Now, what do we do with all this holiday goodness?



Yield:1 1/2 cups

Total Time: 5 minutes

8 ounces cream cheese, softened

1/4 cup chopped pecans

1/4 cup raisins or dried cranberries

2 tablespoons crystallized ginger

2 tablespoons maple syrup

1/2 teaspoon gingerbread spice

With a hand mixer, soften cream cheese until fluffy then add remaining ingredients, mixing until incorporated. Schmear on bagels.



Yield: 16 cookies

Total Time: 30 minutes

1 (16.5 ounce) tube refrigerated sugar cookie dough

1/3 cup molasses

1/4 cup flour

1/4 cup crystallized ginger, diced

2 teaspoons gingerbread spice

Mix cookie dough with molasses, flour, ginger and gingerbread spice. Roll tablespoonful-size balls of dough in cinnamon and place 2 inches apart on parchment-lined baking sheets. Bake at 350 F for 16 to 18 minutes or until set around the edges.



Yield: 36 cookies

Total Time: 45 minutes

1 sheet from a (17.3) ounce package frozen puff pastry, thawed

2 gingersnap cookies, the cheap ones

1/4 cup diced butter

2 tablespoons unsweetened cocoa powder

2 tablespoons crystallized ginger, diced

2 tablespoons granulated sugar + more for topping

2 teaspoons gingerbread spice

Preheat oven to 425 F. Line a baking sheet with parchment paper.
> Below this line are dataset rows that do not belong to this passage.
text \<open>The initial value \<open>m 1 = 1\<close> makes the coefficient of the homogeneous solution
  \<open>\<Gamma>(t + 1 - eps) / \<Gamma>(t)\<close> vanish.\<close>
lemma coupled_recurrence_closed_form:
  fixes m n :: "nat \<Rightarrow> real" and e eps :: real
  assumes "e < 2" "e \<noteq> 0" "e \<noteq> 1" and m_1: "m 1 = 1"
    and m_Suc: "\<And>t. t \<ge> 1 \<Longrightarrow> m (Suc t) = (1 + (1 - eps) / t) * m t + ((1 - e) / t) * n t + eps"
    and n_eq: "\<And>t. t \<ge> 1 \<Longrightarrow>
      n t = eps / e * t + (e - eps) / (e * Gamma (2 - e)) * (Gamma (t + 1 - e) / Gamma t)"
    and "t \<ge> 1"
  shows "m t = t / e - 1 / (e * Gamma (1 - e)) * (Gamma (t + 1 - e) / Gamma t)"
proof -
  define K where "K = 1 / (e * Gamma (1 - e))"
  define X where "X = (e - eps) / (e * Gamma (2 - e))"
  have "1 - e \<notin> \<int>\<^sub>\<le>\<^sub>0"
    using assms(1,3) by (intro not_nonpos_Int_if_gt_minus_one) auto
  then have Gamma_2_minus_e: "Gamma (2 - e) = (1 - e) * Gamma (1 - e)"
    and Gamma_1_minus_e: "Gamma (1 - e) \<noteq> 0"
    using Gamma_plus1[of "1 - e"] by (simp_all add: Gamma_eq_zero_iff)
  then have coeff: "(1 - e) * X = (e - eps) * K"
    unfolding K_def X_def using assms(3) by simp
  show ?thesis
    using \<open>t \<ge> 1\<close>
  proof (induction t rule: dec_induct)
    case base
    have "1 / e * 1 - K * (Gamma (1 + 1 - e) / Gamma 1) = 1"
      unfolding K_def using Gamma_2_minus_e Gamma_1_minus_e assms(2,3)
      by (simp add: field_simps)
    then show ?case
      using m_1 unfolding K_def by simp
  next
    case (step t)
    define G where "G = Gamma (real t + 1 - e) / Gamma t"
    have G_Suc: "Gamma (real (Suc t) + 1 - e) / Gamma (real (Suc t)) = G * ((real t + 1 - e) / t)"
      unfolding G_def using Gamma_ratio_Suc[of t "1 - e"] step.hyps assms(1)
      by (simp add: algebra_simps)
    have "m (Suc t) = (1 + (1 - eps) / t) * (t / e - K * G)
        + ((1 - e) / t) * (eps / e * t + X * G) + eps"
      using m_Suc[OF step.hyps(1)] n_eq[OF step.hyps(1)] step.IH unfolding G_def K_def X_def by simp
    also have "\<dots> = (1 + (1 - eps) / t) * (t / e - K * G)
        + (1 - e) * eps / e + ((1 - e) * X) * G / t + eps"
      using step.hyps by (simp add: field_simps)
    also have "\<dots> = (1 + (1 - eps) / t) * (t / e - K * G)
        + (1 - e) * eps / e + (e - eps) * K * G / t + eps"
      unfolding coeff ..
    also have "\<dots> = (real t + 1) / e - K * (G * ((real t + 1 - e) / t))"
      using step.hyps assms(2) by (simp add: field_simps)
    finally show ?case
      unfolding G_Suc K_def by simp
  qed
qed

locale erws =
  fixes p q r eps s :: real
  assumes p_nonneg: "0 \<le> p" and q_nonneg: "0 \<le> q" and r_nonneg: "0 \<le> r"
    and pqr_sum: "p + q + r = 1"
    and eps_nonneg: "0 \<le> eps" and eps_le_1: "eps \<le> 1"
    and s_nonneg: "0 \<le> s" and s_le_1: "s \<le> 1"
begin

lemma erws_resp_wf:
  "pmf_of_list_wf [(1::int, eps/2), (-1, eps/2), (0, 1 - eps)]"
  "pmf_of_list_wf [(x::int, p), (-x, q), (0, r)]"
  using eps_nonneg eps_le_1 p_nonneg q_nonneg r_nonneg pqr_sum
  by (auto intro!: pmf_of_list_wfI)

lemma set_pmf_erws_resp: "set_pmf (erws_resp p q r eps x) \<subseteq> {1, -1, 0, x, -x}"
  unfolding erws_resp_def
  using set_pmf_of_list[OF erws_resp_wf(1)] set_pmf_of_list[OF erws_resp_wf(2), of x] by auto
Pulse gingersnap cookies, butter, cocoa powder, ginger, sugar and gingerbread spice in a food processor to make a paste. Unfold a sheet of puff pastry and spread the paste on the opened sheet. Fold the two opposite sides of the pastry in to meet in the middle, then fold into the middle again. Sprinkle generously with sugar. Slice crosswise into 1/4-inch pieces. Bake 12 to 14 minutes (pictured).



Yield: 12 servings

Total Time: 1 hour

1/2 cup granulated sugar

1 teaspoon gingerbread spice

2 (7.5 ounce) cans refrigerated biscuits

1 cup brown sugar

3/4 cup butter

Preheat oven to 350 F degrees. Spray a 12-cup Bundt pan with cooking spray.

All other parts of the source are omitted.